My 92 year-old grandma, ruth, is in the hospital with pneumonia. She usually lives with us, thankfully my parents enjoy having her around and don't want to ever see her in a facility. We are all pretty worried about her but it looks like she has an enlarged heart that is more of a problem then the pneumonia. Please keep her in your prayers. The hospital she is at is a local one, I've been there before, and unfortunately all of the staff is rather unimpressive and unfriendly. I hate thinking about her being stuck in there. I've been alone in so many hospital settings during Covid when people could only visit me for small amounts of time, and if I could eradicate one thing in this world it would be having to be in a hospital alone. I'm with her mentally and I hope you all send energy to her through this platform to encourage perfect healing in her body.

On another note… I was supposed to call somebody I like tonight, but I have to finish 1984 before Lex Fridman does. It's an inner challenge. And it overcame my desire to hear what the voice of my crush sounds like. Also I'm extremely tired from staying up till 1 AM the past couple nights reading. I also made my order of lingerie FINALLY and some of you will be pleased to know that I have purchased more tartan outfits ha ha. Bear with me as Bear with me as I will be making more audio content and other kinds of creative content… my pregnant caregiver is literally about to pop and she is the only one who helps me with nudes or sexy stuff.
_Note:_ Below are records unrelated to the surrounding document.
lemma exp_log_macmahon_factor:
  assumes "norm z < 1"
  shows "exp (log_macmahon_factor z j) = inverse ((1 - z ^ Suc j) ^ Suc j)"
proof -
  have "norm z ^ Suc j < 1"
    using assms by (subst power_less_one_iff) auto
  then have "norm (z ^ Suc j) < 1" by (simp only: norm_power)
  then have "1 - z ^ Suc j \<noteq> 0" by (metis right_minus_eq norm_one order_less_irrefl)
  have "exp (log_macmahon_factor z j) = exp (of_nat (Suc j) * - Ln (1 - z ^ Suc j))"
    unfolding log_macmahon_factor_def by (simp only: mult_minus_left mult_minus_right)
  also have "\<dots> = exp (- Ln (1 - z ^ Suc j)) ^ Suc j"
    by (rule exp_of_nat_mult)
  also have "exp (- Ln (1 - z ^ Suc j)) = inverse (1 - z ^ Suc j)"
    using \<open>1 - z ^ Suc j \<noteq> 0\<close> by (simp add: exp_minus)
  finally show ?thesis by (simp add: power_inverse)
qed

lemma macmahon_has_prod:
  assumes "norm z < 1"
  shows "(\<lambda>j. inverse ((1 - z ^ Suc j) ^ Suc j)) has_prod exp (log_macmahon z)"
proof -
  have "raw_has_prod (\<lambda>j. exp (log_macmahon_factor z j)) 0 (exp (log_macmahon z))"
    by (rule sums_imp_has_prod_exp[OF log_macmahon_factor_sums[OF assms]])
  then show ?thesis
    by (simp add: has_prod_def exp_log_macmahon_factor[OF assms])
qed

lemma macmahon_eq_exp: "norm z < 1 \<Longrightarrow> macmahon z = exp (log_macmahon z)"
  unfolding macmahon_def using macmahon_has_prod has_prod_unique by metis

section \<open>Coefficients of the MacMahon function\<close>

lemma fps_power_nth_nonneg:
  fixes f :: "complex fps"
  assumes "\<And>n. 0 \<le> fps_nth f n"
  shows "0 \<le> fps_nth (f ^ i) n"
proof (induction i arbitrary: n)
  case 0
  then show ?case by (simp add: less_eq_complex_def)
next
  case (Suc i)
  show ?case
    unfolding power_Suc fps_mult_nth by (rule sum_nonneg) (rule mult_nonneg_nonneg[OF assms Suc.IH])
qed

lemma fps_exp_nth_nonneg: "0 \<le> fps_nth (fps_exp (1 :: complex)) n"
proof -
  have "0 \<le> complex_of_real (1 / fact n)"
    by (simp only: less_eq_complex_def Re_complex_of_real Im_complex_of_real) simp
  also have "\<dots> = fps_nth (fps_exp 1) n"
    by simp
  finally show ?thesis .
qed

lemma fps_exp_compose_nth_nonneg:
  fixes f :: "complex fps"
  assumes "\<And>n. 0 \<le> fps_nth f n"
  shows "0 \<le> fps_nth (fps_exp 1 oo f) n"
  unfolding fps_compose_nth
  by (rule sum_nonneg) (rule mult_nonneg_nonneg[OF fps_exp_nth_nonneg fps_power_nth_nonneg[OF assms]])

lemma fps_exp_compose_nth_ge:
  fixes f :: "complex fps"
  assumes "\<And>n. 0 \<le> fps_nth f n" and "0 < n"
  shows "fps_nth f n \<le> fps_nth (fps_exp 1 oo f) n"
proof -
  have "fps_nth (fps_exp 1) 1 * fps_nth (f ^ 1) n \<le>
          (\<Sum>i=0..n. fps_nth (fps_exp 1) i * fps_nth (f ^ i) n)"
    by (rule member_le_sum)
       (use assms(2) in \<open>auto simp del: fps_exp_nth
          intro: mult_nonneg_nonneg[OF fps_exp_nth_nonneg fps_power_nth_nonneg[OF assms(1)]]\<close>)
  then show ?thesis by (simp add: fps_compose_nth)
qed

definition macmahon_fps :: "complex fps" where
  "macmahon_fps = fps_exp 1 oo log_macmahon_fps"

definition macmahon_coeff :: "nat \<Rightarrow> real" where
  "macmahon_coeff n = Re (fps_nth macmahon_fps n)"

lemma log_macmahon_fps_nth_nonneg: "0 \<le> fps_nth log_macmahon_fps n"
  by (simp add: log_macmahon_fps_def less_eq_complex_def log_macmahon_coeff_nonneg)

lemma macmahon_fps_nth_nonneg: "0 \<le> fps_nth macmahon_fps n"
  unfolding macmahon_fps_def by (rule fps_exp_compose_nth_nonneg[OF log_macmahon_fps_nth_nonneg])

lemma macmahon_fps_nth: "fps_nth macmahon_fps n = of_real (macmahon_coeff n)"
  using macmahon_fps_nth_nonneg[of n]
  by (simp add: macmahon_coeff_def less_eq_complex_def complex_eq_iff)

lemma macmahon_coeff_nonneg: "0 \<le> macmahon_coeff n"
  using macmahon_fps_nth_nonneg[of n] by (simp add: macmahon_coeff_def less_eq_complex_def)

lemma macmahon_coeff_0: "macmahon_coeff 0 = 1"
  by (simp add: macmahon_coeff_def macmahon_fps_def)

lemma macmahon_coeff_ge_1:
  assumes "0 < n"
  shows "1 \<le> macmahon_coeff n"
proof -
  have "fps_nth log_macmahon_fps n \<le> fps_nth macmahon_fps n"
    unfolding macmahon_fps_def
    by (rule fps_exp_compose_nth_ge[OF log_macmahon_fps_nth_nonneg assms])
  then have "log_macmahon_coeff n \<le> macmahon_coeff n"
    by (simp add: log_macmahon_fps_def macmahon_coeff_def less_eq_complex_def)
  then show ?thesis
    using log_macmahon_coeff_ge[OF assms] assms by linarith
qed

lemma macmahon_sums:
  assumes "norm z < 1"
  shows "(\<lambda>n. of_real (macmahon_coeff n) * z ^ n) sums macmahon z"
proof -
  have "0 < fps_conv_radius log_macmahon_fps"
    using fps_conv_radius_log_macmahon by (rule less_le_trans[rotated]) simp
  then have "log_macmahon has_fps_expansion log_macmahon_fps"
    unfolding log_macmahon_def by (rule eval_fps_has_fps_expansion)
  then have expansion: "(exp \<circ> log_macmahon) has_fps_expansion macmahon_fps"
    unfolding macmahon_fps_def
    by (rule has_fps_expansion_compose[OF has_fps_expansion_exp1]) (simp add: log_macmahon_fps_def)
  have "(exp \<circ> log_macmahon) holomorphic_on eball 0 1"
    unfolding o_def log_macmahon_def
    by (intro holomorphic_intros holomorphic_on_eval_fps)
       (use fps_conv_radius_log_macmahon eball_mono in blast)
  from has_fps_expansion_imp_sums_complex[OF expansion this] assms
  have "(\<lambda>n. fps_nth macmahon_fps n * z ^ n) sums (exp \<circ> log_macmahon) z"
    by simp
  then show ?thesis by (simp add: macmahon_fps_nth macmahon_eq_exp[OF assms])
qed

lemma conv_radius_macmahon_coeff: "conv_radius macmahon_coeff = 1"
proof (rule antisym)
  show "1 \<le> conv_radius macmahon_coeff"
  proof (rule conv_radius_geI_ex')
    fix r :: real assume "0 < r" "ereal r < 1"
    then have "summable (\<lambda>n. of_real (macmahon_coeff n) * complex_of_real r ^ n)"
      using macmahon_sums[of "of_real r"] by (auto simp: sums_iff)
    then have "summable (\<lambda>n. complex_of_real (macmahon_coeff n * r ^ n))"
      by simp
    then show "summable (\<lambda>n. macmahon_coeff n * of_real r ^ n)"
      by (subst (asm) summable_of_real_iff) simp
  qed
  have "\<not> summable (\<lambda>n. macmahon_coeff n * 1 ^ n)"
  proof
    assume "summable (\<lambda>n. macmahon_coeff n * 1 ^ n)"
    then have "macmahon_coeff \<longlonglongrightarrow> 0"
      using summable_LIMSEQ_zero by force
    moreover have "\<exists>N. \<forall>n\<ge>N. 1 \<le> macmahon_coeff n"
      using macmahon_coeff_ge_1 by (intro exI[of _ 1]) auto
    ultimately have "1 \<le> (0::real)"
      by (rule LIMSEQ_le_const)
    then show False by simp
  qed
  then show "conv_radius macmahon_coeff \<le> 1"
    using conv_radius_leI'[of macmahon_coeff 1] by (simp add: one_ereal_def)
qed

section \<open>Cumulants\<close>

text \<open>\<open>\<kappa> j t = (t d/dt)\<^sup>j log M(t)\<close>; for \<open>j \<ge> 1\<close> this is the \<open>j\<close>-th cumulant of \<open>X\<^sub>t\<close>.\<close>

definition macmahon_cumulant :: "nat \<Rightarrow> real \<Rightarrow> real" (\<open>\<kappa>\<close>) where
  "\<kappa> j t = (\<Sum>n. real n ^ j * log_macmahon_coeff n * t ^ n)"

lemma macmahon_cumulant_sums:
  "\<bar>t\<bar> < 1 \<Longrightarrow> (\<lambda>n. real n ^ j * log_macmahon_coeff n * t ^ n) sums \<kappa> j t"
  unfolding macmahon_cumulant_def by (rule summable_sums[OF summable_log_macmahon_coeff_powser])

lemma macmahon_cumulant_nonneg: "0 \<le> t \<Longrightarrow> t < 1 \<Longrightarrow> 0 \<le> \<kappa> j t"
  unfolding macmahon_cumulant_def
  by (intro suminf_nonneg summable_log_macmahon_coeff_powser)
     (auto intro!: mult_nonneg_nonneg log_macmahon_coeff_nonneg)

lemma macmahon_cumulant_theta_derivative:
  assumes "\<bar>t\<bar> < 1"
  obtains D where "(\<kappa> j has_real_derivative D) (at t)" and "t * D = \<kappa> (Suc j) t"
proof -
  let ?b = "\<lambda>n. real n ^ j * log_macmahon_coeff n"
  from powser_theta_derivative[of 1 ?b, OF summable_log_macmahon_coeff_powser assms]
  obtain D where D: "((\<lambda>x. \<Sum>n. ?b n * x ^ n) has_real_derivative D) (at t)"
    and sums: "(\<lambda>n. (real n * ?b n) * t ^ n) sums (t * D)" .
  have "\<kappa> j = (\<lambda>x. \<Sum>n. ?b n * x ^ n)"
    by (simp add: fun_eq_iff macmahon_cumulant_def)
  with D have "(\<kappa> j has_real_derivative D) (at t)"
    by simp
  moreover have "t * D = \<kappa> (Suc j) t"
    using sums macmahon_cumulant_sums[OF assms, of "Suc j"] by (simp add: sums_iff mult.assoc)
  ultimately show thesis
    by (rule that)
qed

lemma macmahon_coeff_powser_sums:
  assumes "\<bar>t\<bar> < 1"
  shows "(\<lambda>n. macmahon_coeff n * t ^ n) sums exp (\<kappa> 0 t)"
proof -
  have "(\<lambda>n. complex_of_real (log_macmahon_coeff n * t ^ n)) sums of_real (\<kappa> 0 t)"
    using sums_of_real[OF macmahon_cumulant_sums[OF assms, of 0]] by simp
  moreover have "(\<lambda>n. complex_of_real (log_macmahon_coeff n * t ^ n)) sums log_macmahon (of_real t)"
    using log_macmahon_sums[of "of_real t"] assms by simp
  ultimately have "log_macmahon (of_real t) = of_real (\<kappa> 0 t)"
    using sums_unique2 by metis
  then have "(\<lambda>n. complex_of_real (macmahon_coeff n * t ^ n)) sums of_real (exp (\<kappa> 0 t))"
    using macmahon_sums[of "of_real t"] macmahon_eq_exp[of "of_real t"] assms
    by (simp add: exp_of_real)
  from sums_Re[OF this] show ?thesis by simp
qed

lemma ps_val_macmahon_coeff: "\<bar>t\<bar> < 1 \<Longrightarrow> ps_val macmahon_coeff t = exp (\<kappa> 0 t)"
  unfolding ps_val_def using macmahon_coeff_powser_sums sums_unique by metis

text \<open>Both moment identities come from applying \<open>t d/dt\<close> to
  \<open>\<Sum> a\<^sub>n t\<^sup>n = exp (\<kappa> 0 t)\<close>.\<close>

lemma macmahon_first_moment:
  assumes "\<bar>t\<bar> < 1"
  shows "(\<lambda>n. (real n * macmahon_coeff n) * t ^ n) sums (exp (\<kappa> 0 t) * \<kappa> 1 t)"
proof -
  have "\<And>x. \<bar>x\<bar> < 1 \<Longrightarrow> summable (\<lambda>n. macmahon_coeff n * x ^ n)"
    using macmahon_coeff_powser_sums sums_summable by blast
  from powser_theta_derivative[OF this assms] obtain D
    where D: "((\<lambda>x. \<Sum>n. macmahon_coeff n * x ^ n) has_real_derivative D) (at t)"
      and sums: "(\<lambda>n. (real n * macmahon_coeff n) * t ^ n) sums (t * D)" .
  obtain D0 where D0: "(\<kappa> 0 has_real_derivative D0) (at t)" and "t * D0 = \<kappa> 1 t"
    using macmahon_cumulant_theta_derivative[OF assms, where j = 0] unfolding One_nat_def .
  have "((\<lambda>x. \<Sum>n. macmahon_coeff n * x ^ n) has_real_derivative exp (\<kappa> 0 t) * D0) (at t)"
    by (rule has_field_derivative_transform_within_open[OF DERIV_fun_exp[OF D0], of "{-1<..<1}"])
       (use assms in \<open>auto intro!: sums_unique macmahon_coeff_powser_sums\<close>)
  then have "D = exp (\<kappa> 0 t) * D0"
    using D DERIV_unique by blast
  then have "t * D = exp (\<kappa> 0 t) * \<kappa> 1 t"
    using \<open>t * D0 = \<kappa> 1 t\<close> by (simp add: algebra_simps)
  then show ?thesis using sums by simp
qed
She is currently having some trouble with her partner because he is debating whether or not he will move back to Juarez and I'm just praying that she sticks around and applies for Single mom aid without him. He has brought her nothing but grief and in my opinion she deserves the whole wide world.

I postponed the call with my crush for tomorrow night. Basically, he just wants to hear what some of my insecurities are around meeting up and how we can create boundaries and a code of sorts if I start feeling like I'm going to have a panic attack or trauma response based upon the way I have felt cornered or helpless in past relationships. I know I'm not helpless, but being paralyzed I have to be careful who I let close to me because the reality is they could really hurt me or let's say get upset about something and leave the room, leaving me with no way of getting help. I also realize that I cannot project past relational problems on this person, and maybe I'm not ready for all of this. But I feel peaceful about it and this person seems genuine. Thankfully we are both not looking for anything traditional and I feel comfortable because they respect my need to be polyamorous. I'm also chatting with THE most beautiful redhead, and she's got me feeling some type of way. She's definitely another dream come true. I've never been in a real relationship with a woman, but I feel like if she is respectful of my polyamory it would be CRAZY and so exciting. My other crush is a guy, I'm bisexual, and what makes me nervous about him is that he seems so genuine and… I don't know… like most guys are pretty lustful, which I usually enjoy, but even though he's clearly attracted to my body he doesn't objectify me. He'll emphasize my eyes or my beauty but it doesn't feel like that's all he sees. I have to remind myself there are decent man in the world and I don't want to fuck this up so I'm just remembering everything is temporary and I might as well ATTEMPT to accept the make out and cuddle session I deserve. I'm pretty good at keeping my feelings and check as long as I know things are meant to not last very long, and as far as I know I'll be moving to Seattle by next year. So it's nice to think that maybe these new people trying to love on me are Beautiful catalysts helping me grow and believe in myself. In return I just want to adore them and make them feel like 1 million bucks.

Well, 1984 calls.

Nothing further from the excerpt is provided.